Google, which provided the researchers with a sole-tenant node in order to conduct the research safely without potentially affecting any other customers, awarded a $151,515 bug bounty and “applied fixes to the affected assets.” Amazon said the L1TF Reloaded vulnerability does not impact the guest data of AWS customers running on the AWS Nitro System or Nitro Hypervisor.
Spectre, which first came to light in early 2018, continues to haunt modern CPUs, albeit in the form of different variants. As recently as two weeks ago, academics from ETH Zürich devised a new attack known as VMScape (CVE-2025-40300, CVSS score: 6.5) that breaks virtualization boundaries in AMD Zen CPUs and Intel Coffee Lake processors.

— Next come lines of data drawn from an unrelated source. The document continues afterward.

(* Let $K\subset\mathbb{R}^n$ be a strongly convex body with parameter $k>0$ and diameter $d$. If $\sigma\asymp(k\sqrt n)^{-1}$, then $\varepsilon_K(\sigma)\gtrsim d$.
   Context: $K$ is strongly convex with parameter $k$ if for all $\mu,\nu\in K$ and $\lambda\in[0,1]$, the closed Euclidean ball $B(\lambda\mu+(1-\lambda)\nu,\,k\lambda(1-\lambda)\|\mu-\nu\|^2)$ is contained in $K$. Gaussian sequence model: $Y=\mu+\xi$, $\mu\in K$, $\xi\sim N(0,\sigma^2\mathbb{I}_n)$; LSE $\hat\mu=\operatorname{argmin}_{\nu\in K}\|Y-\nu\|_2^2$; $\varepsilon_K(\sigma)^2=\sup_{\mu\in K}\mathbb{E}_\mu\|\hat\mu-\mu\|_2^2$. $\asymp,\gtrsim$ hide absolute constants. *)

theory Defs
  imports "HOL-Probability.Probability"
begin

text \<open>Vectors of R^n are represented as functions nat => real; only coordinates i < n matter.
  Points of R^n are the extensional functions in rvec n.\<close>

definition rvec :: "nat \<Rightarrow> (nat \<Rightarrow> real) set" where
  "rvec n = PiE {..<n} (\<lambda>_. UNIV)"

definition vnorm :: "nat \<Rightarrow> (nat \<Rightarrow> real) \<Rightarrow> real" where
  "vnorm n x = sqrt (\<Sum>i<n. (x i)^2)"

definition vdist :: "nat \<Rightarrow> (nat \<Rightarrow> real) \<Rightarrow> (nat \<Rightarrow> real) \<Rightarrow> real" where
  "vdist n x y = vnorm n (\<lambda>i. x i - y i)"

definition vcomb :: "nat \<Rightarrow> real \<Rightarrow> (nat \<Rightarrow> real) \<Rightarrow> (nat \<Rightarrow> real) \<Rightarrow> (nat \<Rightarrow> real)" where
  "vcomb n l x y = (\<lambda>i\<in>{..<n}. l * x i + (1 - l) * y i)"

definition vadd :: "nat \<Rightarrow> (nat \<Rightarrow> real) \<Rightarrow> (nat \<Rightarrow> real) \<Rightarrow> (nat \<Rightarrow> real)" where
  "vadd n x y = (\<lambda>i\<in>{..<n}. x i + y i)"

definition ncball :: "nat \<Rightarrow> (nat \<Rightarrow> real) \<Rightarrow> real \<Rightarrow> (nat \<Rightarrow> real) set" where
  "ncball n c r = {x \<in> rvec n. vdist n x c \<le> r}"

definition convex_body :: "nat \<Rightarrow> (nat \<Rightarrow> real) set \<Rightarrow> bool" where
  "convex_body n K \<longleftrightarrow>
     K \<subseteq> rvec n
     \<and> (\<forall>x\<in>rvec n. (\<forall>e>0. \<exists>y\<in>K. vdist n x y < e) \<longrightarrow> x \<in> K)
     \<and> (\<exists>R. \<forall>x\<in>K. vnorm n x \<le> R)
     \<and> (\<forall>x\<in>K. \<forall>y\<in>K. \<forall>l\<in>{0..1}. vcomb n l x y \<in> K)
     \<and> (\<exists>x\<in>K. \<exists>r>0. ncball n x r \<subseteq> K)"

definition strongly_convex :: "nat \<Rightarrow> real \<Rightarrow> (nat \<Rightarrow> real) set \<Rightarrow> bool" where
  "strongly_convex n k K \<longleftrightarrow>
     (\<forall>\<mu>\<in>K. \<forall>\<nu>\<in>K. \<forall>l\<in>{0..1}.
        ncball n (vcomb n l \<mu> \<nu>) (k * l * (1 - l) * (vdist n \<mu> \<nu>)^2) \<subseteq> K)"

definition diam :: "nat \<Rightarrow> (nat \<Rightarrow> real) set \<Rightarrow> real" where
  "diam n K = Sup {vdist n \<mu> \<nu> | \<mu> \<nu>. \<mu> \<in> K \<and> \<nu> \<in> K}"

text \<open>Least squares estimator: a minimiser of |Y - nu|^2 over K (unique for closed convex K).\<close>
definition lse :: "nat \<Rightarrow> (nat \<Rightarrow> real) set \<Rightarrow> (nat \<Rightarrow> real) \<Rightarrow> (nat \<Rightarrow> real)" where
  "lse n K Y = (SOME \<nu>. \<nu> \<in> K \<and> (\<forall>\<nu>'\<in>K. (vdist n Y \<nu>)^2 \<le> (vdist n Y \<nu>')^2))"

definition gauss :: "nat \<Rightarrow> real \<Rightarrow> (nat \<Rightarrow> real) measure" where
  "gauss n \<sigma> = PiM {..<n} (\<lambda>_. density lborel (normal_density 0 \<sigma>))"

definition risk :: "nat \<Rightarrow> (nat \<Rightarrow> real) set \<Rightarrow> real \<Rightarrow> (nat \<Rightarrow> real) \<Rightarrow> real" where
  "risk n K \<sigma> \<mu> = (\<integral>\<xi>. (vdist n (lse n K (vadd n \<mu> \<xi>)) \<mu>)^2 \<partial>gauss n \<sigma>)"

definition eps :: "nat \<Rightarrow> (nat \<Rightarrow> real) set \<Rightarrow> real \<Rightarrow> real" where
  "eps n K \<sigma> = sqrt (Sup (risk n K \<sigma> ` K))"

end

theory Submission
  imports Defs
begin

text \<open>Let \<open>D = \<sigma> * sqrt n\<close> be the typical length of the noise, so that \<open>k * D \<ge> c1\<close>, and pick
  \<open>a, b \<in> K\<close> with \<open>|a - b| > diam K / 2\<close>. By a second-moment (Paley-Zygmund) argument,
  using \<open>E |\<xi>|\<^sup>4 \<le> 3 (E |\<xi>|\<^sup>2)\<^sup>2\<close>, the event \<open>|\<xi>| \<ge> D / 2\<close> carries a fixed fraction of
  the mass, so it suffices to bound the estimation error on that event.
  If \<open>diam K \<le> D / 4\<close>, the points \<open>a + \<xi>\<close> and \<open>b + \<xi>\<close> are at distance at least \<open>D / 4\<close>
  from \<open>K\<close>, and strong convexity makes the projection onto \<open>K\<close> contract their distance by a
  factor \<open>1 + k * D / 4 \<ge> 1 + c1 / 4\<close>; hence the two estimation errors add up to a fixed
  fraction of \<open>|a - b|\<close>. If \<open>diam K > D / 4\<close>, strong convexity puts a ball of radius
  \<open>r = k |a - b|\<^sup>2 / 4\<close>, which is of order \<open>c1 * diam K\<close>, around the midpoint \<open>m\<close> into \<open>K\<close>,
  and the projection of \<open>m + \<xi>\<close> stays at distance \<open>min |\<xi>| r\<close> from \<open>m\<close>.\<close>

section \<open>Euclidean geometry on coordinate vectors\<close>

definition vinner :: "nat \<Rightarrow> (nat \<Rightarrow> real) \<Rightarrow> (nat \<Rightarrow> real) \<Rightarrow> real" where
  "vinner n x y = (\<Sum>i<n. x i * y i)"

lemma vnorm_nonneg [simp]: "0 \<le> vnorm n x"
  by (simp add: vnorm_def sum_nonneg)

lemma vdist_nonneg [simp]: "0 \<le> vdist n x y"
  by (simp add: vdist_def)

lemma vnorm_power2: "(vnorm n x)\<^sup>2 = (\<Sum>i<n. (x i)\<^sup>2)"
  by (simp add: vnorm_def sum_nonneg)

lemma vdist_power2: "(vdist n x y)\<^sup>2 = (\<Sum>i<n. (x i - y i)\<^sup>2)"
  by (simp add: vdist_def vnorm_power2)

lemma vnorm_cong: "(\<And>i. i < n \<Longrightarrow> x i = y i) \<Longrightarrow> vnorm n x = vnorm n y"
  by (simp add: vnorm_def)

lemma vinner_cong:
  "(\<And>i. i < n \<Longrightarrow> x i = x' i) \<Longrightarrow> (\<And>i. i < n \<Longrightarrow> y i = y' i) \<Longrightarrow> vinner n x y = vinner n x' y'"
  unfolding vinner_def by (intro sum.cong) auto

lemma vdist_commute: "vdist n x y = vdist n y x"
  unfolding vdist_def vnorm_def by (simp add: power2_commute)

lemma vdist_self [simp]: "vdist n x x = 0"
  by (simp add: vdist_def vnorm_def)

lemma vnorm_eq_L2_set: "vnorm n x = L2_set x {..<n}"
  by (simp add: vnorm_def L2_set_def)

lemma vnorm_add_le: "vnorm n (\<lambda>i. x i + y i) \<le> vnorm n x + vnorm n y"
  unfolding vnorm_eq_L2_set by (rule L2_set_triangle_ineq)

lemma vdist_triangle: "vdist n x z \<le> vdist n x y + vdist n y z"
  using vnorm_add_le[of n "\<lambda>i. x i - y i" "\<lambda>i. y i - z i"] by (simp add: vdist_def)

lemma vnorm_scale: "vnorm n (\<lambda>i. c * x i) = \<bar>c\<bar> * vnorm n x"
  unfolding vnorm_def by (simp add: power_mult_distrib sum_distrib_left[symmetric] real_sqrt_mult)

lemma vnorm_le_sum_abs: "vnorm n x \<le> (\<Sum>i<n. \<bar>x i\<bar>)"
  unfolding vnorm_eq_L2_set by (rule L2_set_le_sum_abs)

lemma abs_coord_le_vnorm: "i < n \<Longrightarrow> \<bar>x i\<bar> \<le> vnorm n x"
  using member_le_L2_set[of "{..<n}" i "\<lambda>i. \<bar>x i\<bar>"] by (simp add: vnorm_eq_L2_set L2_set_def)

lemma vnorm_eq_0_iff: "vnorm n x = 0 \<longleftrightarrow> (\<forall>i<n. x i = 0)"
  using abs_coord_le_vnorm[of _ n x] by (auto simp: vnorm_def)

lemma vinner_le_vnorm_mult: "vinner n x y \<le> vnorm n x * vnorm n y"
proof -
  have "vinner n x y \<le> (\<Sum>i<n. \<bar>x i\<bar> * \<bar>y i\<bar>)"
    unfolding vinner_def by (rule sum_mono) (metis abs_ge_self abs_mult)
  also have "\<dots> \<le> vnorm n x * vnorm n y"
    unfolding vnorm_eq_L2_set by (rule L2_set_mult_ineq)
  finally show ?thesis .
qed

lemma vinner_self: "vinner n x x = (vnorm n x)\<^sup>2"
  by (simp add: vinner_def vnorm_power2[symmetric] power2_eq_square[symmetric])

lemma vdist_vadd_self: "vdist n (vadd n \<mu> \<xi>) \<mu> = vnorm n \<xi>"
  unfolding vdist_def by (intro vnorm_cong) (simp add: vadd_def)

lemma vdist_vadd_left_cancel: "vdist n (vadd n \<mu> x) (vadd n \<mu> y) = vdist n x y"
  unfolding vdist_def by (intro vnorm_cong) (simp add: vadd_def)

lemma vdist_vadd_right_cancel: "vdist n (vadd n x \<xi>) (vadd n y \<xi>) = vdist n x y"
  unfolding vdist_def by (intro vnorm_cong) (simp add: vadd_def)

lemma vdist_midpoint_parallelogram:
  "(vdist n x y)\<^sup>2 = 2 * (vdist n Y x)\<^sup>2 + 2 * (vdist n Y y)\<^sup>2 - 4 * (vdist n Y (vcomb n (1/2) x y))\<^sup>2"
proof -
  have "(\<Sum>i<n. (x i - y i)\<^sup>2) = (\<Sum>i<n. 2 * (Y i - x i)\<^sup>2 + 2 * (Y i - y i)\<^sup>2
      - 4 * (Y i - vcomb n (1/2) x y i)\<^sup>2)"
    by (intro sum.cong) (simp_all add: vcomb_def power2_eq_square algebra_simps)
  then show ?thesis
    unfolding vdist_power2 by (simp add: sum_subtractf sum.distrib sum_distrib_left)
qed

lemma tendsto_vdist:
  assumes "\<And>i. i < n \<Longrightarrow> (\<lambda>j. x j i) \<longlonglongrightarrow> z i"
  shows "(\<lambda>j. vdist n y (x j)) \<longlonglongrightarrow> vdist n y z"
  unfolding vdist_def vnorm_def using assms by (intro tendsto_intros) auto

section \<open>Projection onto a convex body\<close>

lemma convex_body_closed:
  "convex_body n K \<Longrightarrow> x \<in> rvec n \<Longrightarrow> (\<And>e. e > 0 \<Longrightarrow> \<exists>y\<in>K. vdist n x y < e) \<Longrightarrow> x \<in> K"
  by (simp add: convex_body_def)

lemma convex_body_bounded: "convex_body n K \<Longrightarrow> \<exists>R. \<forall>x\<in>K. vnorm n x \<le> R"
  by (simp add: convex_body_def)

lemma convex_body_vcomb:
  "convex_body n K \<Longrightarrow> x \<in> K \<Longrightarrow> y \<in> K \<Longrightarrow> 0 \<le> l \<Longrightarrow> l \<le> 1 \<Longrightarrow> vcomb n l x y \<in> K"
  by (simp add: convex_body_def)

lemma convex_body_nonempty: "convex_body n K \<Longrightarrow> K \<noteq> {}"
  by (auto simp add: convex_body_def)

lemma convex_body_mem_of_tendsto:
  assumes K: "convex_body n K" and x: "\<And>j. x j \<in> K"
    and lim: "\<And>i. i < n \<Longrightarrow> (\<lambda>j. x j i) \<longlonglongrightarrow> z i" and z: "z \<in> rvec n"
  shows "z \<in> K"
proof (rule convex_body_closed[OF K z])
  fix e :: real assume "e > 0"
  have "(\<lambda>j. vdist n z (x j)) \<longlonglongrightarrow> vdist n z z"
    using lim by (rule tendsto_vdist)
  from order_tendstoD(2)[OF this] \<open>e > 0\<close> obtain j where "vdist n z (x j) < e"
    by (auto simp: eventually_sequentially)
  then show "\<exists>y\<in>K. vdist n z y < e" using x by blast
qed

text \<open>The parallelogram law, applied with the midpoint of \<open>x\<close> and \<open>y\<close> (again in \<open>K\<close>): nearly
  nearest points are close to each other, so minimising sequences are Cauchy.\<close>

lemma vdist_power2_le_of_nearly_nearest:
  assumes K: "convex_body n K" and x: "x \<in> K" and y: "y \<in> K"
    and \<delta>: "0 \<le> \<delta>" "\<And>z. z \<in> K \<Longrightarrow> \<delta> \<le> vdist n Y z"
    and e: "0 \<le> e" "vdist n Y x \<le> \<delta> + e" "vdist n Y y \<le> \<delta> + e"
  shows "(vdist n x y)\<^sup>2 \<le> 4 * e * (2 * \<delta> + e)"
proof -
  have "\<delta> \<le> vdist n Y (vcomb n (1/2) x y)"
    by (rule \<delta>(2), rule convex_body_vcomb[OF K x y]) auto
  then have "\<delta>\<^sup>2 \<le> (vdist n Y (vcomb n (1/2) x y))\<^sup>2"
    using \<delta>(1) by (intro power_mono)
  moreover have "(vdist n Y x)\<^sup>2 \<le> (\<delta> + e)\<^sup>2" "(vdist n Y y)\<^sup>2 \<le> (\<delta> + e)\<^sup>2"
    using e by (auto intro!: power_mono)
  ultimately have "(vdist n x y)\<^sup>2 \<le> 4 * (\<delta> + e)\<^sup>2 - 4 * \<delta>\<^sup>2"
    using vdist_midpoint_parallelogram[of n x y Y] by linarith
  also have "\<dots> = 4 * e * (2 * \<delta> + e)"
    by (simp add: power2_eq_square algebra_simps)
  finally show ?thesis .
qed

lemma Cauchy_coord_of_vdist:
  assumes Cauchy: "\<And>e. 0 < e \<Longrightarrow> \<exists>N. \<forall>j\<ge>N. \<forall>l\<ge>N. vdist n (x j) (x l) < e" and i: "i < n"
  shows "Cauchy (\<lambda>j. x j i)"
proof (rule metric_CauchyI)
  fix e :: real assume "0 < e"
  then obtain N where N: "\<And>j l. j \<ge> N \<Longrightarrow> l \<ge> N \<Longrightarrow> vdist n (x j) (x l) < e"
    using Cauchy by blast
  have "\<bar>x j i - x l i\<bar> \<le> vdist n (x j) (x l)" for j l
    unfolding vdist_def using abs_coord_le_vnorm[OF i, of "\<lambda>i. x j i - x l i"] by simp
  with N show "\<exists>M. \<forall>j\<ge>M. \<forall>l\<ge>M. dist (x j i) (x l i) < e"
    by (metis dist_real_def le_less_trans)
qed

Described as a Spectre branch target injection (Spectre-BTI) attack targeting the cloud, it exploits isolation gaps across host and guest in user and supervisor modes to leak arbitrary memory from an unmodified QEMU process. A software fix has been introduced in the Linux kernel to counter the cross-virtualization BTI (vBTI) attack primitive.
“VMScape can leak the memory of the QEMU process at the rate of 32 B/s on AMD Zen 4,” the authors said in a study. “We use VMScape to find the location of secret data and leak the secret data, all within 772 s, extracting the cryptographic key used for disk encryption/decryption as an example.”